Program Synthesis by Type-Guided Abstraction Refinement
We consider the problem of type-directed component based synthesis where, given a set of (typed) components and a query type, the goal is to synthesize a term that inhabits the query. Classical approaches based on proof search in intuitionistic logics do not scale up to the standard libraries of modern languages, which span hundreds or thousands of components. Recent graph reachability based methods proposed for languages like Java do scale, but only apply to components over monomorphic data and functions: polymorphic data and functions infinitely explode the size of the graph that must be searched, rendering synthesis intractable. We introduce type-guided abstraction refinement (TYGAR), a new approach for scalable type-directed synthesis over polymorphic datatypes and components. Our key insight is that we can overcome the explosion by building a graph over abstract types which represent a potentially unbounded set of concrete types. We show how to use graph reachability to search for candidate terms over abstract types, and introduce a new algorithm that uses proofs of untypeability of ill-typed candidates to iteratively refine the abstraction until a well-typed result is found.

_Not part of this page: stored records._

lemma sum_list_le_psi:
  assumes "growth_function f"
  shows "sum_list M \<le> psi f M"
  using assms
proof (induction f M rule: psi.induct)
  case (1 f M)
  show ?case
  proof (cases "terminal M")
    case True
    then show ?thesis
      by (cases M) (auto simp: psi_terminal terminal_Cons sum_list_eq_0_iff)
  next
    case False
    have "sum_list M \<le> f (sum_list M)" using "1.prems" unfolding growth_function_def by auto
    moreover have "0 < sum_list M"
      using first_pos_nonterminal[OF False] elem_le_sum_list[of "first_pos M" M] by linarith
    ultimately have "sum_list M \<le> sum_list (psi_step f M)"
      using sum_list_psi_step[OF "1.prems" False] by linarith
    also have "\<dots> \<le> psi f (psi_step f M)"
      using "1.IH" "1.prems" False unfolding terminal_def by simp
    finally show ?thesis using psi_nonterminal[OF False] by simp
  qed
qed

lemma invlex_lessI:
  assumes "length N = length M" "j < length M" "N ! j < M ! j"
    "\<And>k. j < k \<Longrightarrow> k < length M \<Longrightarrow> N ! k = M ! k"
  shows "invlex_less N M"
  unfolding invlex_less_def using assms by blast

lemma invlex_less_psi_step_same_tail:
  assumes f: "growth_function f" and len: "length N = length M"
    and sum: "sum_list N \<le> sum_list M" and M: "\<not> terminal M"
    and head: "N ! 0 < M ! 0" and tail: "\<And>k. 0 < k \<Longrightarrow> k < length M \<Longrightarrow> N ! k = M ! k"
  shows "invlex_less (psi_step f N) (psi_step f M)"
proof -
  have N: "\<not> terminal N" using M len tail unfolding terminal_def by auto
  define l where "l = first_pos M"
  have l_N: "first_pos N = l" unfolding l_def using len tail by (intro first_pos_cong) auto
  note l = first_pos_nonterminal[OF M, folded l_def]
  have step_N: "psi_step f N ! i = (if i = l - 1 then N ! i + f (sum_list N)
      else if i = l then N ! i - 1 else N ! i)" if "i < length M" for i
    using nth_psi_step[OF N] that len by (simp add: l_N)
  have step_M: "psi_step f M ! i = (if i = l - 1 then M ! i + f (sum_list M)
      else if i = l then M ! i - 1 else M ! i)" if "i < length M" for i
    using nth_psi_step[OF M] that by (simp add: l_def)
  have "M \<noteq> []" using l by auto
  have "f (sum_list N) \<le> f (sum_list M)"
    using f sum unfolding growth_function_def mono_def by auto
  then have "psi_step f N ! (l - 1) < psi_step f M ! (l - 1) \<or>
      l - 1 \<noteq> 0 \<and> psi_step f N ! (l - 1) = psi_step f M ! (l - 1)"
    using \<open>M \<noteq> []\<close> l head tail[of "l - 1"] step_N[of "l - 1"] step_M[of "l - 1"]
    by (cases "l - 1 = 0") auto
  then consider "psi_step f N ! (l - 1) < psi_step f M ! (l - 1)"
    | "l - 1 \<noteq> 0" "psi_step f N ! (l - 1) = psi_step f M ! (l - 1)"
    by blast
  then show ?thesis
  proof cases
    case 1
    then show ?thesis
      using l len tail step_N step_M by (intro invlex_lessI[of _ _ "l - 1"]) auto
  next
    case 2
    have "psi_step f N ! 0 = N ! 0" "psi_step f M ! 0 = M ! 0"
      using 2 \<open>M \<noteq> []\<close> step_N[of 0] step_M[of 0] by auto
    with 2 show ?thesis
      using l len head tail step_N step_M by (intro invlex_lessI[of _ _ 0]) auto
  qed
qed
lemma coupled_rand_inj_on: "inj_on coupled_rand (ssm_rand_space n l)"
proof (rule inj_onI)
  fix r1 r2 assume r: "r1 \<in> ssm_rand_space n l" "r2 \<in> ssm_rand_space n l"
    and eq: "coupled_rand r1 = coupled_rand r2"
  have states: "ssm_state n x p r1 k j i = ssm_state n x p r2 k j i"
    if "k \<in> {1..l}" "j \<le> n" "i \<in> {1..n}" for k j i
    using ssm_state_coupled_rand[OF that, of r1] ssm_state_coupled_rand[OF that, of r2] eq
    by (simp add: coupled_state_def)
  show "r1 = r2"
  proof
    fix jkm :: "nat \<times> nat \<times> nat"
    obtain j k m where jkm: "jkm = (j, k, m)" by (cases jkm)
    show "r1 jkm = r2 jkm"
    proof (cases "jkm \<in> ssm_rand_idx n l")
      case True
      then have "k \<in> {1..l}" "j \<le> n" "j - 1 \<le> n" "m \<in> {1..n}"
        using jkm by (auto simp: ssm_rand_idx_def)
      then show ?thesis
        using True jkm ssm_rand_from_states[of j k m n l r1 p x] ssm_rand_from_states[of j k m n l r2 p x] states
        by simp
    next
      case False
      then show ?thesis using r jkm by (auto simp: ssm_rand_space_def PiE_dflt_def)
    qed
  qed
qed

lemma ssm_leak_coupled: "ssm_leak n l P Q x' p' = ssm_leak n l P Q x p"
proof -
  have "ssm_leak n l P Q x' p' = map_pmf
      (\<lambda>r. (\<lambda>w. if w \<in> P then ssm_wire_val n x' p' r w else 0,
            \<lambda>i. if i \<in> Q then ssm_out n l x' p' r i else (\<lambda>_. 0)))
      (map_pmf coupled_rand (ssm_rand n l))"
    unfolding ssm_leak_def map_pmf_ssm_rand_inj[OF coupled_rand_inj_on coupled_rand_maps_into] ..
  also have "\<dots> = ssm_leak n l P Q x p"
    unfolding ssm_leak_def pmf.map_comp o_def
    by (intro pmf.map_cong refl) (auto simp: wire_val_coupled ssm_out_coupled)
  finally show ?thesis .
qed

end

lemma ssm_leak_restrict_sim_shares:
  assumes "P \<subseteq> ssm_wires n l" "Q \<subseteq> {1..n}" "finite P" "card P + card Q < n"
  shows "ssm_leak n l P Q x p
       = ssm_leak n l P Q (restrict x (sim_x_shares P)) (restrict p (sim_p_shares P))"
proof -
  have "finite Q" using assms(2) finite_subset by blast
  then obtain c0 where "c0 \<in> {1..n}" "c0 \<notin> \<Union> (wire_shares ` P)" "c0 \<notin> Q"
    using exists_unobserved_share assms(3,4) by blast
  moreover have "\<exists>j\<in>{1..n}. \<not> probed_iter P j"
    using exists_unprobed_iter assms(3,4) by simp
  ultimately interpret ssm_coupling n l P Q c0 x "restrict x (sim_x_shares P)"
    p "restrict p (sim_p_shares P)"
    using assms(1,2) by unfold_locales auto
  show ?thesis using ssm_leak_coupled by simp
qed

We have implemented TYGAR in H+, a tool that takes as input a set of Haskell libraries and a query type, and returns a Haskell term that uses functions from the provided libraries to implement the query type. We have evaluated H+ on a set of 44 queries using a set of popular Haskell libraries with a total of 291 components. Our results demonstrate that H+ returns an interesting solution within the first five results for 33 out of 44 queries. Moreover, TYGAR allows H+ to rapidly return well-typed terms, with the median time to first solution of just 1.4 seconds.